EXERCISE GOAL: Every line with the string "symmetric" in it belongs in your answer, so copy them all from the data.

[Stored items]

lemma Nact_Nact:
  assumes a: "a \<in> Fvec d (2*n)" and b: "b \<in> Fvec d (2*n)" and r: "r \<in> I"
  shows "Nact a (Nact b v) r = pauli_mult_phase a b * Nact (vadd d a b) v r"
proof -
  define S where "S = pauli_shift (vadd d a b) r"
  have lhs: "Nact a (Nact b v) r
      = pauli_phase a * pauli_phase b * (\<omega> ^ zdot a (pauli_shift a r) * \<omega> ^ zdot b S) * v S"
    using Nact_eq[OF a r] Nact_eq[OF b pauli_shift_in[OF a r]]
    by (simp only: S_def pauli_shift_pauli_shift mult_ac)
  have rhs: "Nact (vadd d a b) v r = pauli_phase (vadd d a b) * \<omega> ^ zdot (vadd d a b) S * v S"
    unfolding S_def by (rule Nact_eq[OF vadd_in_Fvec[OF d_pos a b] r])
  define xa where "xa i = int (a (2*i))" for i
  define za where "za i = int (a (2*i+1))" for i
  define xb where "xb i = int (b (2*i))" for i
  define zb where "zb i = int (b (2*i+1))" for i
  define ri where "ri i = int (r i)" for i
  have c1: "[int (zdot a (pauli_shift a r)) = (\<Sum>i<n. za i * (ri i + xa i))] (mod int d)"
    by (rule zdot_cong) (simp_all add: za_def ri_def xa_def pauli_shift_def int_add_mod_cong)
  have c2: "[int (zdot b S) = (\<Sum>i<n. zb i * (ri i + xa i + xb i))] (mod int d)"
    by (rule zdot_cong)
      (simp_all only: zb_def ri_def xa_def xb_def S_def pauli_shift_vadd int_add3_mod_cong cong_refl simp_thms)
  have c3: "[int (zdot (vadd d a b) S) = (\<Sum>i<n. (za i + zb i) * (ri i + xa i + xb i))] (mod int d)"
  proof (rule zdot_cong)
    have "vadd d a b (2*i+1) = (a (2*i+1) + b (2*i+1)) mod d" for i by (simp add: vadd_def)
    then show "\<forall>i<n. [int (vadd d a b (2*i+1)) = za i + zb i] (mod int d)"
      by (simp only: za_def zb_def int_add_mod_cong simp_thms)
    show "\<forall>i<n. [int (S i) = ri i + xa i + xb i] (mod int d)"
      by (simp only: ri_def xa_def xb_def S_def pauli_shift_vadd int_add3_mod_cong simp_thms)
  qed
  have "(\<Sum>i<n. za i * (ri i + xa i)) + (\<Sum>i<n. zb i * (ri i + xa i + xb i))
      = - (\<Sum>i<n. za i * xb i) + (\<Sum>i<n. (za i + zb i) * (ri i + xa i + xb i))"
    unfolding sum.distrib[symmetric] sum_negf[symmetric] by (rule sum.cong) (simp_all add: algebra_simps)
  then have "[int (zdot a (pauli_shift a r)) + int (zdot b S)
      = - (\<Sum>i<n. za i * xb i) + int (zdot (vadd d a b) S)] (mod int d)"
    using cong_add[OF c1 c2] cong_add[OF cong_refl c3, of "- (\<Sum>i<n. za i * xb i)"]
    by (simp add: cong_def)
  then have phase: "\<omega> ^ zdot a (pauli_shift a r) * \<omega> ^ zdot b S
      = W (- (\<Sum>i<n. za i * xb i)) * \<omega> ^ zdot (vadd d a b) S"
    unfolding W_of_nat[symmetric] W_add[symmetric] by (rule W_cong)
  have "cnj (pauli_phase (vadd d a b)) * pauli_phase (vadd d a b) = 1"
    using complex_norm_square[of "pauli_phase (vadd d a b)"] norm_pauli_phase by (simp add: mult.commute)
  then show ?thesis
    unfolding lhs rhs phase pauli_mult_phase_def za_def xb_def
    by (simp only: mult_ac) (simp add: mult.assoc[symmetric])
qed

EXERCISE RESPONSE:
    unfolding sum.distrib[symmetric] sum_negf[symmetric] by (rule sum.cong) (simp_all add: algebra_simps)
    unfolding W_of_nat[symmetric] W_add[symmetric] by (rule W_cong)
    by (simp only: mult_ac) (simp add: mult.assoc[symmetric])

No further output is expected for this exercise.